BIPARTISAN LEGISLATION WOULD REMOVE ROADBLOCK TO FREE SPEECH
November 10, 2011
State Reps. Tom McMillin and Jeff Irwin today introduced bipartisan legislation to repeal a form of judicial bond that infringes on freedom of speech.
HB 5179 would repeal the state law that allows a judge to impose a peace bond on someone to prevent them from exercising their rights of free speech and assembly.
"A peace bond is a flawed judicial tool that can arbitrarily be used to violate freedom of speech, and it has no place in Michigan law," said McMillin, R-Rochester Hills, the bill's sponsor. "The freedom to voice your opinion is one of our most valuable rights, and no judge should have the ability to forcefully stifle that voice with a peace bond."

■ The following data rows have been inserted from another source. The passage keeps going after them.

(* Let $A$ be an $n\times m$ real matrix with $n\ge 2$ and $m\geq2$, and suppose that for some $k$ the $k$th column of $A$ has exactly one nonzero entry. Let $\tilde A$ be the $n\times(m-1)$ matrix obtained from $A$ by deleting its $k$th column. Then $G^{[2]}_{\tilde A,\tilde A^t}$ is odd$^*$ (respectively odd, respectively steady) if and only if $G^{[2]}_{A,A^t}$ is odd$^*$ (respectively odd, respectively steady).
   Context: DSR graphs: for $P\in\mathbb{R}^{n\times m}$, $Q\in\mathbb{R}^{m\times n}$, $G_{P,Q}$ is the signed, labelled bipartite digraph with S-vertices $S_1,\dots,S_n$ and R-vertices $R_1,\dots,R_m$, with an arc $R_j\to S_i$ of sign $\mathrm{sign}(P_{ij})$ iff $P_{ij}\ne0$ and an arc $S_i\to R_j$ of sign $\mathrm{sign}(Q_{ji})$ iff $Q_{ji}\ne0$; antiparallel arcs of equal sign are merged into a single undirected edge. An edge arising from $P_{ij}\ne0$ (R-to-S or undirected) has label $|P_{ij}|$; an edge with only S-to-R orientation has label $\infty$. Walks traverse edges consistently with orientation; a cycle is a nonempty closed walk repeating no vertex except first$=$last. The parity of a cycle $W$ is $(-1)^{|W|/2}\mathrm{sign}(W)$ ($|W|$ = length, $\mathrm{sign}(W)$ = product of edge signs); e-cycles have parity $1$. A cycle $(e_1,\dots,e_{2r})$ is an s-cycle if all labels are finite and $\prod l(e_{2i-1})=\prod l(e_{2i})$. Two cycles have odd intersection if they can be oriented so as to induce the same direction on every common edge and each connected component of their intersection has odd length. A DSR graph is odd if it has no e-cycles; odd$^*$ if all e-cycles are s-cycles and no two e-cycles have odd intersection; steady if all cycles are s-cycles. DSR$^{[2]}$ graph: for $A\in\mathbb{R}^{n\times m}$, $B\in\mathbb{R}^{m\times n}$, $n\ge2$, let $\overline{\mathbf L}^A\in\mathbb{R}^{\binom n2\times mn}$ (rows $(i,j)$, $i<j$; columns $(k,l)$, $1\le k\le m$, $1\le l\le n$) have entries $A_{jk}$ if $l=i$, $-A_{ik}$ if $l=j$, $0$ otherwise, and $\underline{\mathbf L}^B\in\mathbb{R}^{mn\times\binom n2}$ have $(k,l),(i,j)$ entry $B_{kj}$ if $l=i$, $-B_{ki}$ if $l=j$, $0$ otherwise. Then $G^{[2]}_{A,B}:=G_{\overline{\mathbf L}^A,\underline{\mathbf L}^B}$. *)

theory Defs
  imports Main "HOL-Library.Extended_Real"
begin

text \<open>A DSR graph G_{P,Q} with S-vertices indexed by SI and R-vertices indexed by RI.
  P s r plays the role of P_{sr} (arc R_r -> S_s), Q r s the role of Q_{rs} (arc S_s -> R_r).\<close>

datatype ('a, 'b) vtx = SV 'a | RV 'b

text \<open>Edges between S_s and R_r: UE = merged undirected edge, RSA = arc R_r -> S_s only,
  SRA = arc S_s -> R_r only.\<close>
datatype ('a, 'b) edge = UE 'a 'b | RSA 'a 'b | SRA 'a 'b

definition dsr_edges ::
  "'a set \<Rightarrow> 'b set \<Rightarrow> ('a \<Rightarrow> 'b \<Rightarrow> real) \<Rightarrow> ('b \<Rightarrow> 'a \<Rightarrow> real) \<Rightarrow> ('a, 'b) edge set" where
  "dsr_edges SI RI P Q =
     {UE s r | s r. s \<in> SI \<and> r \<in> RI \<and> P s r \<noteq> 0 \<and> Q r s \<noteq> 0 \<and> sgn (P s r) = sgn (Q r s)}
   \<union> {RSA s r | s r. s \<in> SI \<and> r \<in> RI \<and> P s r \<noteq> 0 \<and> \<not> (Q r s \<noteq> 0 \<and> sgn (P s r) = sgn (Q r s))}
   \<union> {SRA s r | s r. s \<in> SI \<and> r \<in> RI \<and> Q r s \<noteq> 0 \<and> \<not> (P s r \<noteq> 0 \<and> sgn (P s r) = sgn (Q r s))}"

fun edge_sign :: "('a \<Rightarrow> 'b \<Rightarrow> real) \<Rightarrow> ('b \<Rightarrow> 'a \<Rightarrow> real) \<Rightarrow> ('a, 'b) edge \<Rightarrow> real" where
  "edge_sign P Q (UE s r) = sgn (P s r)"
| "edge_sign P Q (RSA s r) = sgn (P s r)"
| "edge_sign P Q (SRA s r) = sgn (Q r s)"

fun edge_label :: "('a \<Rightarrow> 'b \<Rightarrow> real) \<Rightarrow> ('a, 'b) edge \<Rightarrow> ereal" where
  "edge_label P (UE s r) = ereal \<bar>P s r\<bar>"
| "edge_label P (RSA s r) = ereal \<bar>P s r\<bar>"
| "edge_label P (SRA s r) = \<infinity>"

fun traverses :: "('a, 'b) edge \<Rightarrow> ('a, 'b) vtx \<Rightarrow> ('a, 'b) vtx \<Rightarrow> bool" where
  "traverses (UE s r) u v = ((u = SV s \<and> v = RV r) \<or> (u = RV r \<and> v = SV s))"
| "traverses (RSA s r) u v = (u = RV r \<and> v = SV s)"
| "traverses (SRA s r) u v = (u = SV s \<and> v = RV r)"

fun edge_ends :: "('a, 'b) edge \<Rightarrow> ('a, 'b) vtx set" where
  "edge_ends (UE s r) = {SV s, RV r}"
| "edge_ends (RSA s r) = {SV s, RV r}"
| "edge_ends (SRA s r) = {SV s, RV r}"

definition dsr_cycle ::
  "'a set \<Rightarrow> 'b set \<Rightarrow> ('a \<Rightarrow> 'b \<Rightarrow> real) \<Rightarrow> ('b \<Rightarrow> 'a \<Rightarrow> real)
   \<Rightarrow> ('a, 'b) vtx list \<Rightarrow> ('a, 'b) edge list \<Rightarrow> bool" where
  "dsr_cycle SI RI P Q vs es \<longleftrightarrow>
     vs \<noteq> [] \<and> length es = length vs \<and> distinct vs \<and> distinct es \<and>
     set es \<subseteq> dsr_edges SI RI P Q \<and>
     (\<forall>k < length es. traverses (es ! k) (vs ! k) (vs ! ((k + 1) mod length vs)))"

definition cycle_parity :: "('a \<Rightarrow> 'b \<Rightarrow> real) \<Rightarrow> ('b \<Rightarrow> 'a \<Rightarrow> real) \<Rightarrow> ('a, 'b) edge list \<Rightarrow> real" where
  "cycle_parity P Q es = (-1) ^ (length es div 2) * prod_list (map (edge_sign P Q) es)"

definition e_cycle ::
  "'a set \<Rightarrow> 'b set \<Rightarrow> ('a \<Rightarrow> 'b \<Rightarrow> real) \<Rightarrow> ('b \<Rightarrow> 'a \<Rightarrow> real)
   \<Rightarrow> ('a, 'b) vtx list \<Rightarrow> ('a, 'b) edge list \<Rightarrow> bool" where
  "e_cycle SI RI P Q vs es \<longleftrightarrow> dsr_cycle SI RI P Q vs es \<and> cycle_parity P Q es = 1"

Irwin, D-Ann Arbor, key co-sponsor of the measure, said: "Free speech is a core American value that transcends partisanship. Protecting free speech, even protecting unpopular speech, is necessary for a free and functioning democracy."
The legislation received support from the American Civil Liberties Union (ACLU) and the Thomas More Law Center.

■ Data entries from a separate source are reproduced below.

lemma ordp_inverse_prod_fractions:
  assumes "prime p" "A \<subseteq> fraction_pairs m"
  shows "ordp p (inverse (\<Prod>(h, k) \<in> A. of_nat h / of_nat k)) =
         (\<Sum>(h, k) \<in> A. ordp p (of_nat k / of_nat h))"
proof -
  have "finite A" using assms(2) finite_fraction_pairs by (rule finite_subset)
  have "inverse (\<Prod>(h, k) \<in> A. of_nat h / of_nat k :: rat) = (\<Prod>(h, k) \<in> A. of_nat k / of_nat h)"
    by (simp add: prod_inversef[symmetric] o_def case_prod_unfold)
  also have "ordp p \<dots> = (\<Sum>x \<in> A. ordp p ((\<lambda>(h, k). of_nat k / of_nat h) x))"
    using assms \<open>finite A\<close> by (intro ordp_prod) (auto simp: fraction_pairs_def)
  finally show ?thesis by (simp add: case_prod_unfold)
qed

lemma ordp_Gbar:
  "prime p \<Longrightarrow> ordp p (Gbar m) = (\<Sum>(h, k) \<in> fraction_pairs m. ordp p (of_nat k / of_nat h))"
  unfolding Gbar_def fraction_pairs_def[symmetric] by (rule ordp_inverse_prod_fractions[of p _ m]) simp_all

lemma ordp_Fbar:
  assumes "prime p"
  shows "ordp p (Fbar m) =
           (\<Sum>(h, k) \<in> {(h, k) \<in> fraction_pairs m. coprime h k}. ordp p (of_nat k / of_nat h))"
proof -
  have "{(h, k). 1 \<le> h \<and> h \<le> k \<and> k \<le> m \<and> coprime h k} = {(h, k) \<in> fraction_pairs m. coprime h k}"
    by (auto simp: fraction_pairs_def)
  thus ?thesis
    unfolding Fbar_def
    by (simp only:) (rule ordp_inverse_prod_fractions[OF assms, where m = m], auto)
qed

lemma sum_fraction_pairs_common_divisor:
  fixes g :: "nat \<Rightarrow> nat \<Rightarrow> int"
  assumes "d > 0" and scale_invariant: "\<And>h k. g (d * h) (d * k) = g h k"
  shows "(\<Sum>(h, k) \<in> {(h, k) \<in> fraction_pairs N. d dvd h \<and> d dvd k}. g h k) =
         (\<Sum>(h, k) \<in> fraction_pairs (N div d). g h k)"
proof -
  have "inj_on (\<lambda>(h, k). (d * h, d * k)) (fraction_pairs (N div d))"
    using assms(1) by (auto simp: inj_on_def)
  thus ?thesis
    unfolding fraction_pairs_common_divisor[OF assms(1)]
    by (simp add: sum.reindex o_def case_prod_unfold scale_invariant)
qed

lemma sum_coprime_fraction_pairs_moebius:
  fixes g :: "nat \<Rightarrow> nat \<Rightarrow> int"
  assumes scale_invariant: "\<And>d h k. d > 0 \<Longrightarrow> g (d * h) (d * k) = g h k"
  shows "(\<Sum>(h, k) \<in> {(h, k) \<in> fraction_pairs N. coprime h k}. g h k) =
         (\<Sum>d = 1..N. moebius d * (\<Sum>(h, k) \<in> fraction_pairs (N div d). g h k))"
proof -
  have gcd_sieve: "(if coprime h k then g h k else 0) =
      (\<Sum>d = 1..N. if d dvd h \<and> d dvd k then moebius d * g h k else 0)"
    if "(h, k) \<in> fraction_pairs N" for h k
  proof -
    have "0 < gcd h k" "gcd h k \<le> N"
      using that by (auto simp: fraction_pairs_def intro: order.trans[OF gcd_le2_nat])
    from sum_moebius_dvd_atLeastAtMost[OF this]
    have "(if coprime h k then g h k else 0) = (\<Sum>d = 1..N. if d dvd gcd h k then moebius d else 0) * g h k"
      by (simp add: coprime_iff_gcd_eq_1)
    also have "\<dots> = (\<Sum>d = 1..N. if d dvd h \<and> d dvd k then moebius d * g h k else 0)"
      by (auto simp: sum_distrib_right intro!: sum.cong)
    finally show ?thesis .
  qed
  have "(\<Sum>(h, k) \<in> {(h, k) \<in> fraction_pairs N. coprime h k}. g h k) =
        (\<Sum>(h, k) \<in> fraction_pairs N. if coprime h k then g h k else 0)"
    by (simp add: sum.inter_filter[OF finite_fraction_pairs] case_prod_unfold)
  also have "\<dots> = (\<Sum>(h, k) \<in> fraction_pairs N. \<Sum>d = 1..N.
                      if d dvd h \<and> d dvd k then moebius d * g h k else 0)"
    by (intro sum.cong refl) (auto simp: gcd_sieve)
  also have "\<dots> = (\<Sum>d = 1..N. \<Sum>(h, k) \<in> fraction_pairs N.
                      if d dvd h \<and> d dvd k then moebius d * g h k else 0)"
    by (subst sum.swap) (simp add: case_prod_unfold)
  also have "\<dots> = (\<Sum>d = 1..N. moebius d *
                   (\<Sum>(h, k) \<in> {(h, k) \<in> fraction_pairs N. d dvd h \<and> d dvd k}. g h k))"
    by (auto simp: sum.inter_filter[OF finite_fraction_pairs] case_prod_unfold sum_distrib_left
             intro!: sum.cong)
  also have "\<dots> = (\<Sum>d = 1..N. moebius d * (\<Sum>(h, k) \<in> fraction_pairs (N div d). g h k))"
    by (intro sum.cong refl) (simp add: sum_fraction_pairs_common_divisor scale_invariant)
  finally show ?thesis .
qed

lemma ordp_Fbar_moebius:
  assumes "prime p"
  shows "ordp p (Fbar N) = (\<Sum>d = 1..N. moebius d * ordp p (Gbar (N div d)))"
  unfolding ordp_Fbar[OF assms] ordp_Gbar[OF assms]
  by (rule sum_coprime_fraction_pairs_moebius) simp

subsection \<open>Valuations below \<open>p\<^sup>2\<close>\<close>

lemma multiplicity_less_square:
  assumes "0 < n" "n < p^2"
  shows "multiplicity (int p) (int n) = (if p dvd n then 1 else 0)"
proof (cases "p dvd n")
  case True
  have "\<not> p^2 dvd n" using assms by (auto dest: dvd_imp_le)
  hence "\<not> int p ^ Suc 1 dvd int n" by (simp add: power2_eq_square flip: of_nat_mult)
  moreover have "int p ^ 1 dvd int n" using True by simp
  ultimately show ?thesis using True by (simp add: multiplicity_eqI)
next
  case False
  thus ?thesis by (simp add: not_dvd_imp_multiplicity_0)
qed

lemma sum_multiplicity_less_square:
  "n < p^2 \<Longrightarrow> (\<Sum>h = 1..n. multiplicity (int p) (int h)) = n div p"
proof (induction n)
  case (Suc n)
  have "(\<Sum>h = 1..Suc n. multiplicity (int p) (int h)) = n div p + (if p dvd Suc n then 1 else 0)"
    using Suc multiplicity_less_square[of "Suc n"] by simp
  also have "\<dots> = Suc n div p" by (simp add: div_Suc dvd_eq_mod_eq_0)
  finally show ?case .
qed simp
(* There is a streaming algorithm that, given $\varepsilon\in(0,\tfrac12)$ and $\alpha,\delta\in(0,1)$, obtains with probability at least $1-\delta$ a $(1\pm\varepsilon)$-approximation to $F_1$ of the final frequency vector in the $\alpha$-RFDS model, using $O\!\left(\frac{1}{1-\alpha}\cdot\frac{1}{\varepsilon^2}\log n\log\frac{1}{\delta}\right)$ bits of space.
   Context: Forget model: the universe is $[n]$; the stream (of length $m=\mathrm{poly}(n)$) consists of insertions $(i,+)$, which increment coordinate $i$, and forget requests on an index $i$, which set coordinate $i$ of the current frequency vector to $0$. $\mathbf{g}$ is the final vector after all operations; $\mathbf{f}$ is the final vector if all forget requests are removed. $F_1(\mathbf{v})=\sum_i|v_i|$. The $\alpha$-RFDS model is the promise $F_1(\mathbf{g})\ge(1-\alpha)F_1(\mathbf{f})$. *)

theory Defs
  imports "HOL-Probability.Probability"
begin

datatype sop = Ins nat | Forget nat

fun apply_op :: "(nat \<Rightarrow> int) \<Rightarrow> sop \<Rightarrow> (nat \<Rightarrow> int)" where
  "apply_op v (Ins i) = v(i := v i + 1)"
| "apply_op v (Forget i) = v(i := 0)"

definition freq_g :: "sop list \<Rightarrow> nat \<Rightarrow> int" where
  "freq_g xs = foldl apply_op (\<lambda>_. 0) xs"

definition freq_f :: "sop list \<Rightarrow> nat \<Rightarrow> int" where
  "freq_f xs = freq_g (filter (\<lambda>a. case a of Ins _ \<Rightarrow> True | Forget _ \<Rightarrow> False) xs)"

definition F1 :: "nat \<Rightarrow> (nat \<Rightarrow> int) \<Rightarrow> real" where
  "F1 n v = (\<Sum>i<n. real_of_int \<bar>v i\<bar>)"

definition valid_stream :: "nat \<Rightarrow> sop list \<Rightarrow> bool" where
  "valid_stream n xs \<longleftrightarrow> (\<forall>a\<in>set xs. case a of Ins i \<Rightarrow> i < n | Forget i \<Rightarrow> i < n)"

definition rfds :: "real \<Rightarrow> nat \<Rightarrow> sop list \<Rightarrow> bool" where
  "rfds \<alpha> n xs \<longleftrightarrow> F1 n (freq_g xs) \<ge> (1 - \<alpha>) * F1 n (freq_f xs)"

record stream_alg =
  init :: "nat pmf"
  step :: "nat \<Rightarrow> sop \<Rightarrow> nat pmf"
  out_fn :: "nat \<Rightarrow> real"

definition run_alg :: "stream_alg \<Rightarrow> sop list \<Rightarrow> nat pmf" where
  "run_alg A xs = foldl (\<lambda>p a. bind_pmf p (\<lambda>s. step A s a)) (init A) xs"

"In a free society, no one should be thrown in jail for their speech, even if that speech is offensive," said Michael J. Steinberg, ACLU of Michigan legal director. "The government cannot put a price on free speech to silence demonstrators in anticipation that their message will not be welcome. By allowing the government to use a peace bond as tool to censor speech, we are ensuring that the majority can always prevent the expression of unpopular ideas.
"The ACLU is pleased to see Reps. McMillin and Irwin put forward this legislation to end the limits on free speech imposed through peace bonds," Steinberg said.
Robert J. Muise, senior trial counsel for the Thomas More Law Center said: "The case against Pastor Jones and Mr. Wayne Sapp is, quite simply, a gross miscarriage of justice that was made possible by an archaic and unconstitutional law. We are pleased to see that Representative McMillin and Representative Irwin are working toward removing this unconstitutional restriction from the books. This action is long overdue."
McMillin said the law is outdated and needs to be changed.
"This is part of a public act that was enacted 84 years ago," McMillin said. "Times have changed and now is the time to remove this antiquated law from Michigan's books."